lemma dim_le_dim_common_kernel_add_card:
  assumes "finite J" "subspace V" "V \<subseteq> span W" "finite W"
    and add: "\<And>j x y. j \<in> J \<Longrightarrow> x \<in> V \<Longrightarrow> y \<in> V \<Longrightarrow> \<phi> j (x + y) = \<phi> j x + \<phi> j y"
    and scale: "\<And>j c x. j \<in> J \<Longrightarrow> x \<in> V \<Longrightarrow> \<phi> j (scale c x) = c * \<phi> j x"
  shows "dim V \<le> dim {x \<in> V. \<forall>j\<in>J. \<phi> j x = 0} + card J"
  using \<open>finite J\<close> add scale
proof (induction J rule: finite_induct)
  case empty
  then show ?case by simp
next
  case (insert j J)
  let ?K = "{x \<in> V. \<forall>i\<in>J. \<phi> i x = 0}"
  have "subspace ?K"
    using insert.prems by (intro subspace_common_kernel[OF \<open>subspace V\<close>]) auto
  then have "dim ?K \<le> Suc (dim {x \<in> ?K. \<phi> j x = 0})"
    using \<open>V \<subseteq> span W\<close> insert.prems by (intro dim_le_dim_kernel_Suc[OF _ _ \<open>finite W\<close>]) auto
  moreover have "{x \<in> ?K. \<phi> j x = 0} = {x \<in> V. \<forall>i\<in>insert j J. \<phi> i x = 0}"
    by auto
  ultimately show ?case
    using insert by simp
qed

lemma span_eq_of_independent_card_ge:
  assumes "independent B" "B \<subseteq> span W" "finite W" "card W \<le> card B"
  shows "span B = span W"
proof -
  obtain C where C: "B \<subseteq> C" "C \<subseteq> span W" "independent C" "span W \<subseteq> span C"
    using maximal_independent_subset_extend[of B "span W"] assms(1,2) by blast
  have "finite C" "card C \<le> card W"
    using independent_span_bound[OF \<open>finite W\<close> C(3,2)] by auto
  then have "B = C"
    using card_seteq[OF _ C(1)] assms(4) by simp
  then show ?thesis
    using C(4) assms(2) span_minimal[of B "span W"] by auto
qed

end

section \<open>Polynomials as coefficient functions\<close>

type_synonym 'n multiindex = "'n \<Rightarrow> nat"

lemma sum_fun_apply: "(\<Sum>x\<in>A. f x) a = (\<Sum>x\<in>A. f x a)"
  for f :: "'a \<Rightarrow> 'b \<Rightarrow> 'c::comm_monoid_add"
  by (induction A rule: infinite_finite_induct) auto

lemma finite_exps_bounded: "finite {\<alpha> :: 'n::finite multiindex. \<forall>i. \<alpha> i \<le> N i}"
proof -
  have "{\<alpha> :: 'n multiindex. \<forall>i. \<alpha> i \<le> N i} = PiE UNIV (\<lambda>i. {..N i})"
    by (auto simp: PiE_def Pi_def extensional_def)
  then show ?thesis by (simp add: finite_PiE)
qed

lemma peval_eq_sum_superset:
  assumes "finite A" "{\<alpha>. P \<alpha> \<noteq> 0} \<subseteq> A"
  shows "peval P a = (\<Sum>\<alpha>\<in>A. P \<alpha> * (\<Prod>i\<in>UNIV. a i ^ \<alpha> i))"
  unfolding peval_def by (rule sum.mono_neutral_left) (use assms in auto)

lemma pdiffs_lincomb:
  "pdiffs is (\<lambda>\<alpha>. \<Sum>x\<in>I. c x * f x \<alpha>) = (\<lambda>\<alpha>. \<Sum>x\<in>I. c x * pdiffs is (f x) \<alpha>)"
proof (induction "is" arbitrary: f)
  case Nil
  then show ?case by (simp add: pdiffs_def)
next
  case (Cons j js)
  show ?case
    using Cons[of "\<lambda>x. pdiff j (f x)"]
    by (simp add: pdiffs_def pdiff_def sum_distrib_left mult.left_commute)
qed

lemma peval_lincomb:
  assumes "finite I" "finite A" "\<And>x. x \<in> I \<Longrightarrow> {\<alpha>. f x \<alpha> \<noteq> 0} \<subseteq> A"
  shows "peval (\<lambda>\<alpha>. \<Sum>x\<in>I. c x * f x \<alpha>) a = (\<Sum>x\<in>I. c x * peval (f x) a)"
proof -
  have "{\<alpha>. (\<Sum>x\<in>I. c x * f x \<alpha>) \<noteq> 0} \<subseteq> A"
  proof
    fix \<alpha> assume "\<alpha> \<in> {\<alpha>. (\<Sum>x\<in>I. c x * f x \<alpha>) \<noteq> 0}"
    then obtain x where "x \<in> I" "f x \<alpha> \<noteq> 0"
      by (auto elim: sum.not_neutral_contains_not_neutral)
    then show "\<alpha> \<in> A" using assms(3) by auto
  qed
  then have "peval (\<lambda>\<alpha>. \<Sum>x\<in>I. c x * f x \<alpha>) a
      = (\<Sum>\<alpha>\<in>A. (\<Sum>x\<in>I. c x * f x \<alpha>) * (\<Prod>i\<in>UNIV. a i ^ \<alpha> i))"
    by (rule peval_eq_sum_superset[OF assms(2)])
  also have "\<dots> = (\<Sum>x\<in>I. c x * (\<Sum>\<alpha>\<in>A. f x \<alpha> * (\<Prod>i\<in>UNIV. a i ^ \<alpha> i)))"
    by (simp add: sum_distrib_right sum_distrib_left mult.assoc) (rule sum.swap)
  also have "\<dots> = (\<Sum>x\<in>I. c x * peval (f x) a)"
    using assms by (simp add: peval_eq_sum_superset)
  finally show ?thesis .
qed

TASK GOAL: Give the lines from the one containing "a = (\<Sum>\<alpha>\<in>A." through the end of the entries again, exactly as written and with no other lines.

SOLUTION FOR THIS TASK:
  shows "peval P a = (\<Sum>\<alpha>\<in>A. P \<alpha> * (\<Prod>i\<in>UNIV. a i ^ \<alpha> i))"
  unfolding peval_def by (rule sum.mono_neutral_left) (use assms in auto)

lemma pdiffs_lincomb:
  "pdiffs is (\<lambda>\<alpha>. \<Sum>x\<in>I. c x * f x \<alpha>) = (\<lambda>\<alpha>. \<Sum>x\<in>I. c x * pdiffs is (f x) \<alpha>)"
proof (induction "is" arbitrary: f)
  case Nil
  then show ?case by (simp add: pdiffs_def)
next
  case (Cons j js)
  show ?case
    using Cons[of "\<lambda>x. pdiff j (f x)"]
    by (simp add: pdiffs_def pdiff_def sum_distrib_left mult.left_commute)
qed

lemma peval_lincomb:
  assumes "finite I" "finite A" "\<And>x. x \<in> I \<Longrightarrow> {\<alpha>. f x \<alpha> \<noteq> 0} \<subseteq> A"
  shows "peval (\<lambda>\<alpha>. \<Sum>x\<in>I. c x * f x \<alpha>) a = (\<Sum>x\<in>I. c x * peval (f x) a)"
proof -
  have "{\<alpha>. (\<Sum>x\<in>I. c x * f x \<alpha>) \<noteq> 0} \<subseteq> A"
  proof
    fix \<alpha> assume "\<alpha> \<in> {\<alpha>. (\<Sum>x\<in>I. c x * f x \<alpha>) \<noteq> 0}"
    then obtain x where "x \<in> I" "f x \<alpha> \<noteq> 0"
      by (auto elim: sum.not_neutral_contains_not_neutral)
    then show "\<alpha> \<in> A" using assms(3) by auto
  qed
  then have "peval (\<lambda>\<alpha>. \<Sum>x\<in>I. c x * f x \<alpha>) a
      = (\<Sum>\<alpha>\<in>A. (\<Sum>x\<in>I. c x * f x \<alpha>) * (\<Prod>i\<in>UNIV. a i ^ \<alpha> i))"
    by (rule peval_eq_sum_superset[OF assms(2)])
  also have "\<dots> = (\<Sum>x\<in>I. c x * (\<Sum>\<alpha>\<in>A. f x \<alpha> * (\<Prod>i\<in>UNIV. a i ^ \<alpha> i)))"
    by (simp add: sum_distrib_right sum_distrib_left mult.assoc) (rule sum.swap)
  also have "\<dots> = (\<Sum>x\<in>I. c x * peval (f x) a)"
    using assms by (simp add: peval_eq_sum_superset)
  finally show ?thesis .
qed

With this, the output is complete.